ÇOCUKLARIN BEYİNLERİNİ YIKIYORLAR

FETÖ'nün, bu milletin çocuklarının beyinlerini yıkamak suretiyle uşaklık ettiği güçlerin istihbarat elemanı olarak Türkiye'nin her tarafındaki bilgileri toplayıp bir yere aktardığını dile getiren Bozdağ, "Böyle bir ihanet ile Türkiye karşı karşıya. Buna karşı biz devletimizi, milletimizi koruyacak tedbirler alamayacak mıyız? Böylesi bir ihaneti fark ettiğimizde üzerine gitmeyecek miyiz, elbette üzerine gideceğiz. İhanetlerin fark edildiğini gördüler. Pek çok başka işler de yaptılar. Yine onların hepsi görüldü. Örneğin MİT tırları hadisesi vardı." dedi.

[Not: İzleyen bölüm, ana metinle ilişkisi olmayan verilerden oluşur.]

(* Let $G$ be a finite simple $3$-connected edge-pancyclic graph of order $n$. Then $e(G)\ge 2n-2$, and equality holds if and only if $G$ is isomorphic to the wheel $W_n=K_1\vee C_{n-1}$.
   Context: A $k$-cycle is a cycle of length $k$. A graph $G$ of order $n$ is edge-pancyclic if for every integer $k$ with $3\le k\le n$, every edge of $G$ lies in a $k$-cycle. $e(G)$ is the number of edges. $W_n$ is the graph obtained from a cycle on $n-1$ vertices by adding a new vertex adjacent to all of them. *)

theory Defs
  imports Main
begin

definition simple_graph :: "'a set \<Rightarrow> 'a set set \<Rightarrow> bool" where
  "simple_graph V E \<longleftrightarrow> finite V \<and>
     (\<forall>e\<in>E. \<exists>u v. u \<noteq> v \<and> u \<in> V \<and> v \<in> V \<and> e = {u, v})"

definition connected_on :: "'a set set \<Rightarrow> 'a set \<Rightarrow> bool" where
  "connected_on E W \<longleftrightarrow>
     (\<forall>u\<in>W. \<forall>v\<in>W. (\<lambda>x y. x \<in> W \<and> y \<in> W \<and> {x, y} \<in> E)\<^sup>*\<^sup>* u v)"

definition k_connected :: "nat \<Rightarrow> 'a set \<Rightarrow> 'a set set \<Rightarrow> bool" where
  "k_connected k V E \<longleftrightarrow> card V > k \<and>
     (\<forall>S. S \<subseteq> V \<and> card S < k \<longrightarrow> connected_on E (V - S))"

definition is_cycle :: "'a set set \<Rightarrow> 'a list \<Rightarrow> bool" where
  "is_cycle E cs \<longleftrightarrow> length cs \<ge> 3 \<and> distinct cs \<and>
     (\<forall>i < length cs. {cs ! i, cs ! ((i + 1) mod length cs)} \<in> E)"

definition cycle_edges :: "'a list \<Rightarrow> 'a set set" where
  "cycle_edges cs = {{cs ! i, cs ! ((i + 1) mod length cs)} | i. i < length cs}"

definition edge_pancyclic :: "'a set \<Rightarrow> 'a set set \<Rightarrow> bool" where
  "edge_pancyclic V E \<longleftrightarrow>
     (\<forall>k. 3 \<le> k \<and> k \<le> card V \<longrightarrow>
        (\<forall>e\<in>E. \<exists>cs. is_cycle E cs \<and> length cs = k \<and> e \<in> cycle_edges cs))"

text \<open>The wheel W_n on vertex set {0..<n}: hub 0, rim cycle 1,2,...,n-1,1.\<close>
definition wheel_edges :: "nat \<Rightarrow> nat set set" where
  "wheel_edges n = {{0, i} | i. 1 \<le> i \<and> i < n}
                 \<union> {{i, i + 1} | i. 1 \<le> i \<and> i + 1 < n}
                 \<union> {{n - 1, 1}}"

definition graph_iso :: "'a set \<Rightarrow> 'a set set \<Rightarrow> 'b set \<Rightarrow> 'b set set \<Rightarrow> bool" where
  "graph_iso V E V' E' \<longleftrightarrow> (\<exists>f. bij_betw f V V' \<and>
     (\<forall>u\<in>V. \<forall>v\<in>V. {u, v} \<in> E \<longleftrightarrow> {f u, f v} \<in> E'))"

end

theory Submission
  imports Defs
begin

text \<open>Only the triangles matter: edge-pancyclicity puts every edge on a 3-cycle, and the
  bound holds for every 3-connected graph whose edges lie in triangles, by induction on n.
  If all degrees are at least 4 then 2e \<ge> 4n. Otherwise a vertex v of degree 3 has
  neighbours a, b, c with ab and bc edges (from the triangles on va, vb, vc). Deleting v
  and adding ac keeps 3-connectivity and the triangle property and loses 3 edges, or only 2
  if ac was new, so the bound is inherited. In the equality case ac was new and G - v + ac
  is a wheel W_{n-1}. There b must be the hub: otherwise a, b, c form a rim triangle, which
  W_m lacks for m \<ge> 5, or ac is a spoke, and then the rim edge from c to its rim neighbour
  other than b lies in no triangle of G (in W_4 every vertex can serve as hub).
  Hence ac is a rim edge and G is that wheel with ac subdivided by v and v joined to the
  hub, which is W_n.\<close>

section \<open>Wheels\<close>

definition rim_succ :: "nat \<Rightarrow> nat \<Rightarrow> nat" where
  "rim_succ m r = (if r + 1 < m then r + 1 else 1)"

definition rim_pred :: "nat \<Rightarrow> nat \<Rightarrow> nat" where
  "rim_pred m r = (if 2 \<le> r then r - 1 else m - 1)"

lemma wheel_edge_iff:
  "{i, j} \<in> wheel_edges m \<longleftrightarrow>
     (i = 0 \<and> 1 \<le> j \<and> j < m) \<or> (j = 0 \<and> 1 \<le> i \<and> i < m) \<or>
     (1 \<le> i \<and> j = i + 1 \<and> j < m) \<or> (1 \<le> j \<and> i = j + 1 \<and> i < m) \<or>
     (i = m - 1 \<and> j = 1) \<or> (i = 1 \<and> j = m - 1)"
  unfolding wheel_edges_def by (auto simp: doubleton_eq_iff)

lemma wheel_edge_less: "2 \<le> m \<Longrightarrow> {i, j} \<in> wheel_edges m \<Longrightarrow> i < m \<and> j < m"
  unfolding wheel_edge_iff by auto

lemma wheel_edge_irrefl: "4 \<le> m \<Longrightarrow> {i} \<notin> wheel_edges m"
  using wheel_edge_iff[of i i m] by auto

lemma wheel_edges_4: "i < 4 \<Longrightarrow> j < 4 \<Longrightarrow> {i, j} \<in> wheel_edges 4 \<longleftrightarrow> i \<noteq> j"
  unfolding wheel_edge_iff by auto

lemma wheel_rim_triangle_free:
  "5 \<le> m \<Longrightarrow> {x, y} \<in> wheel_edges m \<Longrightarrow> {y, z} \<in> wheel_edges m \<Longrightarrow> {x, z} \<in> wheel_edges m
   \<Longrightarrow> x \<noteq> 0 \<Longrightarrow> y \<noteq> 0 \<Longrightarrow> z \<noteq> 0 \<Longrightarrow> False"
  unfolding wheel_edge_iff by auto

lemma wheel_rim_edge_iff:
  "4 \<le> m \<Longrightarrow> 1 \<le> q \<Longrightarrow> q < m \<Longrightarrow> t \<noteq> 0 \<Longrightarrow>
   {q, t} \<in> wheel_edges m \<longleftrightarrow> t = rim_succ m q \<or> t = rim_pred m q"
  unfolding wheel_edge_iff rim_succ_def rim_pred_def by auto

lemma rim_succ_pred_distinct:
  "4 \<le> m \<Longrightarrow> 1 \<le> q \<Longrightarrow> q < m \<Longrightarrow>
   rim_succ m q \<noteq> rim_pred m q \<and> rim_succ m q \<notin> {0, q} \<and> rim_pred m q \<notin> {0, q} \<and>
   rim_succ m q < m \<and> rim_pred m q < m"
  unfolding rim_succ_def rim_pred_def by auto

lemma wheel_rim_other_neighbour:
  assumes m: "4 \<le> m" and q: "1 \<le> q" "q < m" and t: "t \<noteq> 0" "{q, t} \<in> wheel_edges m"
  obtains s where "s < m" "s \<notin> {0, q, t}" "{q, s} \<in> wheel_edges m"
proof -
  define s where "s = (if t = rim_succ m q then rim_pred m q else rim_succ m q)"
  have "s < m" "s \<notin> {0, q, t}"
    using rim_succ_pred_distinct[OF m q] wheel_rim_edge_iff[OF m q t(1)] t(2) by (auto simp: s_def)
  moreover have "{q, s} \<in> wheel_edges m"
    using wheel_rim_edge_iff[OF m q] \<open>s \<notin> {0, q, t}\<close> by (auto simp: s_def)
  ultimately show ?thesis using that by blast
qed

lemma wheel_rim_edge_cases:
  assumes "{p, q} \<in> wheel_edges m" "p \<noteq> 0" "q \<noteq> 0"
  obtains r where "1 \<le> r" "r < m" "{p, q} = {r, rim_succ m r}"
proof -
  have "(1 \<le> p \<and> q = p + 1 \<and> q < m) \<or> (1 \<le> q \<and> p = q + 1 \<and> p < m) \<or>
        (p = m - 1 \<and> q = 1) \<or> (p = 1 \<and> q = m - 1)"
    using assms unfolding wheel_edge_iff by auto
  then show ?thesis
  proof (elim disjE)
    assume "p = m - 1 \<and> q = 1"
    then show ?thesis using that[of p] \<open>p \<noteq> 0\<close> unfolding rim_succ_def by auto
  next
    assume "p = 1 \<and> q = m - 1"
    then show ?thesis using that[of q] \<open>q \<noteq> 0\<close> unfolding rim_succ_def by (auto simp: insert_commute)
  qed (use that in \<open>auto simp: rim_succ_def insert_commute\<close>)
qed

lemma card_wheel_edges:
  assumes "4 \<le> n"
  shows "card (wheel_edges n) = 2 * n - 2"
proof -
  have "wheel_edges n = (\<lambda>i. {0, i}) ` {1..<n} \<union> (\<lambda>i. {i, i + 1}) ` {1..<n - 1} \<union> {{n - 1, 1}}"
    unfolding wheel_edges_def by fastforce
  moreover have "card ((\<lambda>i. {0, i}) ` {1..<n}) = n - 1"
    by (subst card_image) (auto simp: inj_on_def doubleton_eq_iff)
  moreover have "card ((\<lambda>i. {i, i + 1}) ` {1..<n - 1}) = n - 2"
    by (subst card_image) (auto simp: inj_on_def doubleton_eq_iff)
  moreover have "(\<lambda>i. {0, i}) ` {1..<n} \<inter> (\<lambda>i. {i, i + 1}) ` {1..<n - 1} = {}"
    by (auto simp: doubleton_eq_iff)
  moreover have "{n - 1, 1} \<notin> (\<lambda>i. {0, i}) ` {1..<n} \<union> (\<lambda>i. {i, i + 1}) ` {1..<n - 1}"
    using assms by (auto simp: doubleton_eq_iff)
  ultimately show ?thesis
    using assms by (simp add: card_Un_disjoint)
qed
(* Let $s:\mathbb C_+\to\mathbb C_+$ be continuous and set $R(z)=s(z)^2+s(z)z+1$. For $E\in\mathbb R$, $\eta_0>0$ and $\eta_1\ge3\vee\eta_0$, suppose that there is a nonincreasing continuous function $r:[\eta_0,\eta_1]\to[0,1]$ such that $|R(E+\mathrm i\eta)|\le(1+|E+\mathrm i\eta|)\,r(\eta)$ for all $\eta\in[\eta_0,\eta_1]$. Then for all $z=E+\mathrm i\eta$ with $\eta\in[\eta_0,\eta_1]$ we have \[|s(z)-m(z)|=O\big(F_z(r(\eta))\big).\]
   Context: $\mathbb C_+$ is the open upper half-plane. $m(z)=\frac{-z+\sqrt{z^2-4}}2$ with the branch chosen so that $m(z)\in\mathbb C_+$ for $z\in\mathbb C_+$ (equivalently, branch cut $[-2,2]$ and $\sqrt{z^2-4}\sim z$ as $|z|\to\infty$). For $r\in[0,1]$, $F_z(r)=[(1+|z^2-4|^{-1/2})r]\wedge\sqrt r$. $O(\cdot)$ denotes a bound with an absolute constant. *)

theory Defs
  imports "HOL-Analysis.Analysis"
begin

text \<open>Stieltjes transform of the semicircle law:
  m(z) = (-z + sqrt(z^2-4))/2, with sqrt(z^2-4) taken with branch cut [-2,2] and
  sqrt(z^2-4) ~ z at infinity; realised as csqrt(z-2) * csqrt(z+2) with principal roots.\<close>
definition msc :: "complex \<Rightarrow> complex" where
  "msc z = (- z + csqrt (z - 2) * csqrt (z + 2)) / 2"

definition Fz :: "complex \<Rightarrow> real \<Rightarrow> real" where
  "Fz z r = min ((1 + 1 / sqrt (cmod (z\<^sup>2 - 4))) * r) (sqrt r)"

end

theory Submission
  imports Defs
begin

text \<open>Write \<open>w = \<surd>(z\<^sup>2-4)\<close> and \<open>m\<close>, \<open>m' = m - w\<close> for the two roots of \<open>x\<^sup>2 + z x + 1\<close>.
  Then \<open>R = (s - m)(s - m')\<close>, the two factors differ by \<open>w\<close>, and \<open>|s - m'| > \<eta>\<close>.
  Where \<open>|s - m| \<le> |s - m'|\<close>, the bound on the product directly gives
  \<open>|s - m| \<lesssim> (1 + |w|\<^sup>-\<^sup>1) r\<close> and \<open>|s - m|\<^sup>2 \<lesssim> r\<close>. For \<open>\<eta> \<ge> 3\<close> this is always the case.
  Otherwise, continuity in \<open>\<eta>\<close> yields a higher point \<open>\<eta>'\<close> where both factors have equal size;
  there \<open>z\<close> is bounded and \<open>|w|\<^sup>2 \<lesssim> r(\<eta>') \<le> r(\<eta>)\<close>. As \<open>|z|\<close> and \<open>|w|\<close> increase with \<open>\<eta>\<close>,
  this also bounds the factors at \<open>\<eta>\<close>.\<close>

definition sc_disc :: "complex \<Rightarrow> complex" where
  "sc_disc z = csqrt (z - 2) * csqrt (z + 2)"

Bozdağ, DEAŞ terör örgütü ile en etkin ve en samimi mücadele eden tek ülkenin Türkiye olduğunu söyledi. Koalisyonda yer alan 66 ülkenin bomba yağdırmasına rağmen DEAŞ'ın hala varlığını sürdürdüğüne dikkati çeken Bozdağ, "Nasıl oluyor bu iş böyle? 4-5 yıllık mazisi olan terör örgütü, Amerika'dan Avustralya'ya, Kanada'dan Almanya'ya dünyanın 150 civarında ülkesinden teröristleri ölmek ve öldürmek üzere Suriye'ye gelmeye nasıl ikna edebilir?” dedi. Bozdağ, DEAŞ terör örgütünün proje bir terör örgütü olduğuna işaret ederek şunları kaydetti: "O projenin tahakkuku için o arazilerde dolanıyor, proje tahakkuk ettiği zaman o projeyi projelendirenler fişini çekecektir. Ama buna karşı en etkin mücadeleyi Türkiye yapıyor. Neden bu Türkiye'nin düşmanıdır, hem Türk milletinin düşmanıdır hem dinimiz olan İslam'ın düşmanıdır, Kur'an'ın düşmanıdır, Peygamberimizin düşmanıdır? Müslümanları öldürüyor, İslam'a ve Müslümanlara da en büyük zararı veriyor. Onun için biz bunun karşısında ülkemiz ve milletimiz aleyhine bütün bu faaliyetleri nedeniyle ta başından beri net durduk. Etkin bir mücadele ortaya koyduk."

Bozdağ, terör örgütü üyelerini devletin içinden arındırmanın titizlikle yapıldığını ve yapılacağını ifade ederek şunları söyledi: "Devletine, milletine sadakati olmayan yapının, kişinin devlet ve millet yapısı içinde yer alması doğru değil. Başka yerlerde çalışabilir ama birtakım terör örgütlerin talimatlarıyla hemen kendisini bambaşka bir noktaya çeken birisinin bu devlete faydası yok."